Reviewing Business Related Blogs

Balance is really the key to life. What are some of the things people should do when they are being stressful? Here I have reviewed a blog called Developing Management Skills: Managing Stress, where it teaches you the stages of stress, four keys sources of stresses, and different ways to deal with them. This blog is really something everyone should look into since it teaches a lot of how to deal with stress. Although it is a really good blog article, I really have no clue on where the information he writes is coming from. However, by reading this blog, I learned a lot about how to deal to stress in a day to day life. I feel what missing from this blog is really showing an informational video on how to deal with stress. I would really benefited with watching a video like this one:  





Here I reviewed another blog called Learning about Business Management with Lemons. It really brings us back to an simple idea about lemonade stand. Just like the article states," cliche aside, a lemonade stand truly is the first step that kids take into the world of business management and entrepreneurship". This article really brings a good point about as people grow older, people tend to end up with an complicated business. It is not like opening up a lemonade stand where is just a simple business where you add a few things to make an lemonade and create a successful business. In this small lemonade business, you learn to adapt to the environment according to the weather and you learn how to be friendly and communicate with your potential customers. Highly recommend for readers to read and get back to the basic.
" When life gives you lemon, you make lemonade."

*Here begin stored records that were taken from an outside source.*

(* In the setting of the context, assume every irreducible $T$-module is thin, and let $\mathbf{C}\in T$ be the unique element satisfying $\mathbf{A}+\frac{q\mathbf{B}\mathbf{C}-q^{-1}\mathbf{C}\mathbf{B}}{q^2-q^{-2}}=\frac{(\mathbf{a}+\mathbf{a}^{-1})(\Lambda+\Lambda^{-1})+(\mathbf{b}+\mathbf{b}^{-1})(\mathbf{c}+\mathbf{c}^{-1})}{q+q^{-1}}$, $\mathbf{B}+\frac{q\mathbf{C}\mathbf{A}-q^{-1}\mathbf{A}\mathbf{C}}{q^2-q^{-2}}=\frac{(\mathbf{b}+\mathbf{b}^{-1})(\Lambda+\Lambda^{-1})+(\mathbf{c}+\mathbf{c}^{-1})(\mathbf{a}+\mathbf{a}^{-1})}{q+q^{-1}}$ and $\mathbf{C}+\frac{q\mathbf{A}\mathbf{B}-q^{-1}\mathbf{B}\mathbf{A}}{q^2-q^{-2}}=\frac{(\mathbf{c}+\mathbf{c}^{-1})(\Lambda+\Lambda^{-1})+(\mathbf{a}+\mathbf{a}^{-1})(\mathbf{b}+\mathbf{b}^{-1})}{q+q^{-1}}$. Then the standard module $V=\mathbb{C}^X$ becomes a $\Delta_q$-module on which the generators $\mathcal{A},\mathcal{B},\mathcal{C}$ act as $\mathbf{A},\mathbf{B},\mathbf{C}$ respectively.
   Context: The universal Askey–Wilson algebra $\Delta_q$ is the associative unital $\mathbb{C}$-algebra with generators $\mathcal{A},\mathcal{B},\mathcal{C}$ and relations asserting that each of $\mathcal{A}+\frac{q\mathcal{B}\mathcal{C}-q^{-1}\mathcal{C}\mathcal{B}}{q^2-q^{-2}}$, $\mathcal{B}+\frac{q\mathcal{C}\mathcal{A}-q^{-1}\mathcal{A}\mathcal{C}}{q^2-q^{-2}}$, $\mathcal{C}+\frac{q\mathcal{A}\mathcal{B}-q^{-1}\mathcal{B}\mathcal{A}}{q^2-q^{-2}}$ is central. Fix a nonzero $q\in\mathbb{C}$ with $q^4\neq1$. Let $\Gamma$ be a finite connected distance-regular graph (undirected, no loops or multiple edges) with vertex set $X$, distance $\partial$, diameter $D\ge3$; $V=\mathbb{C}^X$. $A$ is the adjacency matrix, $E_0,\dots,E_D$ the primitive idempotents of the Bose–Mesner algebra with $E_0=|X|^{-1}J$ and $E_1,\dots,E_D$ a $Q$-polynomial ordering; $A=\sum\theta_iE_i$. Fix a vertex $x$; $E_i^*$ is the diagonal $0/1$ matrix projecting onto vertices at distance $i$ from $x$; $A^*$ is diagonal with $(y,y)$-entry $|X|(E_1)_{xy}$, $A^*=\sum\theta_i^*E_i^*$; $T$ is the algebra generated by $A,A^*$. Assume $q$-Racah type: $\theta_i=w+uq^{2i-D}+vq^{D-2i}$, $\theta_i^*=w^*+u^*q^{2i-D}+v^*q^{D-2i}$, $u,u^*,v,v^*\neq0$; fix $a,b$ with $a^2=u/v$, $b^2=u^*/v^*$; $\mathbf{A}=(A-wI)/(av)$, $\mathbf{B}=(A^*-w^*I)/(bv^* )$. For an irreducible $T$-module $W\subseteq V$: endpoint $\rho=\min\{i:E_i^*W\ne0\}$, dual endpoint $\tau=\min\{i:E_iW\neq0\}$, diameter $d=|\{i:E^*_iW\ne0\}|-1$; thin means $\dim E^*_iW\le1$ for all $i$. Put $a(W)=aq^{2\tau+d-D}$, $b(W)=bq^{2\rho+d-D}$. If $W$ is thin, $(\mathbf{A}|_W,\{E_{\tau+i}|_W\}_{i=0}^d,\mathbf{B}|_W,\{E^*_{\rho+i}|_W\}_{i=0}^d)$ is a Leonard system with eigenvalues $\vartheta_i=a(W)q^{2i-d}+a(W)^{-1}q^{d-2i}$ and dual eigenvalues $\vartheta^*_i=b(W)q^{2i-d}+b(W)^{-1}q^{d-2i}$; let $\kappa=0$ if $d=0$ and, for $d\ge1$, $\kappa=a(W)b(W)^{-1}q^{d-1}+a(W)^{-1}b(W)q^{1-d}+\phi_1/((q-q^{-1})(q^d-q^{-d}))$ where $\phi_1=(\vartheta^*_0-\vartheta^*_1)(\mathrm{trace}(E^*_\rho\mathbf{A}|_W)-\vartheta_d)$; $c(W)$ is a root of $\xi^2-\kappa\xi+1=0$ (defined up to reciprocal). Isomorphism of irreducible modules: linear bijection commuting with $T$; $\Psi$ = set of types; for $\psi\in\Psi$, $a(\psi),b(\psi),d(\psi),c(\psi)$ are $a(W),b(W)$, the diameter, and (a fixed choice of) $c(W)$ for $W$ of type $\psi$. $V_\psi$ = span of irreducible modules of type $\psi$, $V=\bigoplus_\psi V_\psi$, $e_\psi$ = identity on $V_\psi$, $0$ on other $V_\lambda$. Define $\mathbf{a}=\sum_\psi a(\psi)e_\psi$, $\mathbf{b}=\sum_\psi b(\psi)e_\psi$, $\mathbf{c}=\sum_\psi c(\psi)e_\psi$, $\Lambda=\sum_\psi q^{d(\psi)+1}e_\psi$ (these are invertible). *)

theory Defs
  imports "HOL-Analysis.Analysis"
begin

type_synonym 'v cmat = "complex ^ 'v ^ 'v"
type_synonym 'v cvec = "complex ^ 'v"

definition msc :: "complex \<Rightarrow> 'v::finite cmat \<Rightarrow> 'v cmat" where
  "msc c M = (\<chi> i j. c * M $ i $ j)"

definition hadamard :: "'v::finite cmat \<Rightarrow> 'v cmat \<Rightarrow> 'v cmat" where
  "hadamard M N = (\<chi> i j. M $ i $ j * N $ i $ j)"

definition allones :: "'v::finite cmat" where
  "allones = (\<chi> i j. 1)"

definition gdist :: "('v \<Rightarrow> 'v \<Rightarrow> bool) \<Rightarrow> 'v \<Rightarrow> 'v \<Rightarrow> nat" where
  "gdist adj y z = (LEAST n. (adj ^^ n) y z)"

definition connected_graph :: "('v \<Rightarrow> 'v \<Rightarrow> bool) \<Rightarrow> bool" where
  "connected_graph adj \<longleftrightarrow> (\<forall>y z. \<exists>n. (adj ^^ n) y z)"

definition diameter :: "('v::finite \<Rightarrow> 'v \<Rightarrow> bool) \<Rightarrow> nat" where
  "diameter adj = Max {gdist adj y z | y z. True}"

definition distance_regular :: "('v::finite \<Rightarrow> 'v \<Rightarrow> bool) \<Rightarrow> bool" where
  "distance_regular adj \<longleftrightarrow>
     (\<forall>y. \<not> adj y y) \<and> (\<forall>y z. adj y z = adj z y) \<and> connected_graph adj \<and>
     (\<exists>p :: nat \<Rightarrow> nat \<Rightarrow> nat \<Rightarrow> nat. \<forall>y z i j.
        card {t. gdist adj y t = i \<and> gdist adj z t = j} = p (gdist adj y z) i j)"

definition adjmat :: "('v::finite \<Rightarrow> 'v \<Rightarrow> bool) \<Rightarrow> 'v cmat" where
  "adjmat adj = (\<chi> y z. if adj y z then 1 else 0)"

definition distmat :: "('v::finite \<Rightarrow> 'v \<Rightarrow> bool) \<Rightarrow> nat \<Rightarrow> 'v cmat" where
  "distmat adj i = (\<chi> y z. if gdist adj y z = i then 1 else 0)"

definition bose_mesner :: "('v::finite \<Rightarrow> 'v \<Rightarrow> bool) \<Rightarrow> 'v cmat set" where
  "bose_mesner adj = {M. \<exists>c. M = (\<Sum>i\<le>diameter adj. msc (c i) (distmat adj i))}"

text \<open>E 0, ..., E D are the primitive idempotents of the Bose--Mesner algebra, i.e. a
  basis of it consisting of mutually orthogonal idempotents summing to I.
  (Since the Bose--Mesner algebra has dimension D+1, D+1 nonzero such elements form a basis.)
  Moreover E 0 = |X|^{-1} J.\<close>
definition primitive_idempotents :: "('v::finite \<Rightarrow> 'v \<Rightarrow> bool) \<Rightarrow> (nat \<Rightarrow> 'v cmat) \<Rightarrow> bool" where
  "primitive_idempotents adj E \<longleftrightarrow>
     (\<forall>i\<le>diameter adj. E i \<in> bose_mesner adj \<and> E i \<noteq> 0) \<and>
     (\<forall>i\<le>diameter adj. \<forall>j\<le>diameter adj. E i ** E j = (if i = j then E i else 0)) \<and>
     (\<Sum>i\<le>diameter adj. E i) = mat 1 \<and>
     E 0 = msc (1 / of_nat CARD('v)) allones"

text \<open>Q-polynomial ordering via the Krein parameters:
  E_i o E_j = |X|^{-1} sum_h q^h_ij E_h, and q^h_ij is zero (resp. nonzero) whenever one of
  h,i,j is greater than (resp. equal to) the sum of the other two.\<close>
definition Q_polynomial :: "('v::finite \<Rightarrow> 'v \<Rightarrow> bool) \<Rightarrow> (nat \<Rightarrow> 'v cmat) \<Rightarrow> bool" where
  "Q_polynomial adj E \<longleftrightarrow>
     (\<exists>kr :: nat \<Rightarrow> nat \<Rightarrow> nat \<Rightarrow> complex.
        (\<forall>i\<le>diameter adj. \<forall>j\<le>diameter adj.
           hadamard (E i) (E j) =
             msc (1 / of_nat CARD('v)) (\<Sum>h\<le>diameter adj. msc (kr h i j) (E h))) \<and>
        (\<forall>h\<le>diameter adj. \<forall>i\<le>diameter adj. \<forall>j\<le>diameter adj.
           ((h > i + j \<or> i > h + j \<or> j > h + i) \<longrightarrow> kr h i j = 0) \<and>
           ((h = i + j \<or> i = h + j \<or> j = h + i) \<longrightarrow> kr h i j \<noteq> 0)))"

definition dual_idem :: "('v::finite \<Rightarrow> 'v \<Rightarrow> bool) \<Rightarrow> 'v \<Rightarrow> nat \<Rightarrow> 'v cmat" where
  "dual_idem adj x i = (\<chi> y z. if y = z \<and> gdist adj x y = i then 1 else 0)"

definition dual_adj :: "'v::finite \<Rightarrow> (nat \<Rightarrow> 'v cmat) \<Rightarrow> 'v cmat" where
  "dual_adj x E = (\<chi> y z. if y = z then of_nat CARD('v) * E 1 $ x $ y else 0)"

definition qracah_ev :: "complex \<Rightarrow> nat \<Rightarrow> complex \<Rightarrow> complex \<Rightarrow> complex \<Rightarrow> nat \<Rightarrow> complex" where
  "qracah_ev q D w u v i = w + u * q powi (2 * int i - int D) + v * q powi (int D - 2 * int i)"

inductive_set alg_gen :: "'v::finite cmat \<Rightarrow> 'v cmat \<Rightarrow> 'v cmat set" for M N where
  gen1: "M \<in> alg_gen M N"
| gen2: "N \<in> alg_gen M N"
| one: "mat 1 \<in> alg_gen M N"
| add: "P \<in> alg_gen M N \<Longrightarrow> Q \<in> alg_gen M N \<Longrightarrow> P + Q \<in> alg_gen M N"
| smult: "P \<in> alg_gen M N \<Longrightarrow> msc c P \<in> alg_gen M N"
| mult: "P \<in> alg_gen M N \<Longrightarrow> Q \<in> alg_gen M N \<Longrightarrow> P ** Q \<in> alg_gen M N"

definition terwilliger :: "('v::finite \<Rightarrow> 'v \<Rightarrow> bool) \<Rightarrow> 'v \<Rightarrow> (nat \<Rightarrow> 'v cmat) \<Rightarrow> 'v cmat set" where
  "terwilliger adj x E = alg_gen (adjmat adj) (dual_adj x E)"

definition csubspace :: "'v::finite cvec set \<Rightarrow> bool" where
  "csubspace W \<longleftrightarrow> 0 \<in> W \<and> (\<forall>v\<in>W. \<forall>w\<in>W. v + w \<in> W) \<and> (\<forall>c. \<forall>v\<in>W. c *s v \<in> W)"

definition cspan :: "'v::finite cvec set \<Rightarrow> 'v cvec set" where
  "cspan S = \<Inter>{U. csubspace U \<and> S \<subseteq> U}"

definition is_module :: "'v::finite cmat set \<Rightarrow> 'v cvec set \<Rightarrow> bool" where
  "is_module TT W \<longleftrightarrow> csubspace W \<and> (\<forall>M\<in>TT. \<forall>w\<in>W. M *v w \<in> W)"

definition irreducible_module :: "'v::finite cmat set \<Rightarrow> 'v cvec set \<Rightarrow> bool" where
  "irreducible_module TT W \<longleftrightarrow> is_module TT W \<and> W \<noteq> {0} \<and>
     (\<forall>W'. is_module TT W' \<and> W' \<subseteq> W \<longrightarrow> W' = {0} \<or> W' = W)"

definition img :: "'v::finite cmat \<Rightarrow> 'v cvec set \<Rightarrow> 'v cvec set" where
  "img M W = (\<lambda>w. M *v w) ` W"

definition thin :: "('v::finite \<Rightarrow> 'v \<Rightarrow> bool) \<Rightarrow> 'v \<Rightarrow> 'v cvec set \<Rightarrow> bool" where
  "thin adj x W \<longleftrightarrow> (\<forall>i. \<exists>u. \<forall>w\<in>img (dual_idem adj x i) W. \<exists>c. w = c *s u)"

definition module_iso :: "'v::finite cmat set \<Rightarrow> 'v cvec set \<Rightarrow> 'v cvec set \<Rightarrow> bool" where
  "module_iso TT W W' \<longleftrightarrow> (\<exists>\<sigma>. bij_betw \<sigma> W W' \<and>
      (\<forall>v\<in>W. \<forall>w\<in>W. \<sigma> (v + w) = \<sigma> v + \<sigma> w) \<and>
      (\<forall>c. \<forall>v\<in>W. \<sigma> (c *s v) = c *s \<sigma> v) \<and>
      (\<forall>M\<in>TT. \<forall>v\<in>W. \<sigma> (M *v v) = M *v \<sigma> v))"

definition module_types :: "'v::finite cmat set \<Rightarrow> 'v cvec set set set" where
  "module_types TT = {{W'. irreducible_module TT W' \<and> module_iso TT W W'} | W. irreducible_module TT W}"

definition isotypic :: "'v::finite cvec set set \<Rightarrow> 'v cvec set" where
  "isotypic \<psi> = cspan (\<Union>\<psi>)"

definition type_proj :: "'v::finite cmat set \<Rightarrow> 'v cvec set set \<Rightarrow> 'v cmat" where
  "type_proj TT \<psi> = (THE P. (\<forall>v\<in>isotypic \<psi>. P *v v = v) \<and>
      (\<forall>\<phi>\<in>module_types TT. \<phi> \<noteq> \<psi> \<longrightarrow> (\<forall>v\<in>isotypic \<phi>. P *v v = 0)))"

definition type_rep :: "'v::finite cvec set set \<Rightarrow> 'v cvec set" where
  "type_rep \<psi> = (SOME W. W \<in> \<psi>)"

definition clin_indep :: "'v::finite cvec list \<Rightarrow> bool" where
  "clin_indep bs \<longleftrightarrow> (\<forall>cs. length cs = length bs \<longrightarrow>
      (\<Sum>k<length bs. (cs ! k) *s (bs ! k)) = 0 \<longrightarrow> (\<forall>k<length bs. cs ! k = 0))"

definition cbasis :: "'v::finite cvec set \<Rightarrow> 'v cvec list \<Rightarrow> bool" where
  "cbasis W bs \<longleftrightarrow> clin_indep bs \<and>
      W = {\<Sum>k<length bs. (cs ! k) *s (bs ! k) | cs. length cs = length bs}"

The last blog I reviewed was about The Reality of Chinese Micro-blogging. I choose to review this blog post is because due to the rights citizens have in their country, they might not have a voice in what they want to say in a blog. It is also affecting whether a business will want to have their firms in China. Sina weibo is short of like twitter, but the difference is on Sina weibo, there is over 1000 employees who monitors and censors what is being said on the mircro-blog. Not only the company itself employs workers, the communist party also highers employees to make sure Sina weibo of the world is following guidelines.This article gives a good example about what the message is. It is one if your landlord says "no pets," even though you think no one has a right to restrict your ability to live with your beloved Labrador, then you choose. I will live there with Daisy and risk being evicted, or look for another place to live. And so it is with living and doing business in China. People are not willing to have presence in China because people don't like the politics and how the citizens are treated in China. But if companies want to be in China, then you must respect your host and the rules of the games they develop.



8 comments:

  1. After reading the first blog, would you say that the person writing it didn't really write it themselves because you, as the reader, had no clue where the information was coming from? As a blogger, it is very important to not cross the lines between writing and plagiarism. With all of the information that is available on the it can be very easy to cross that line. Did either of the other two blogs you read have the same problem as the first? Were things given credit as they should have been?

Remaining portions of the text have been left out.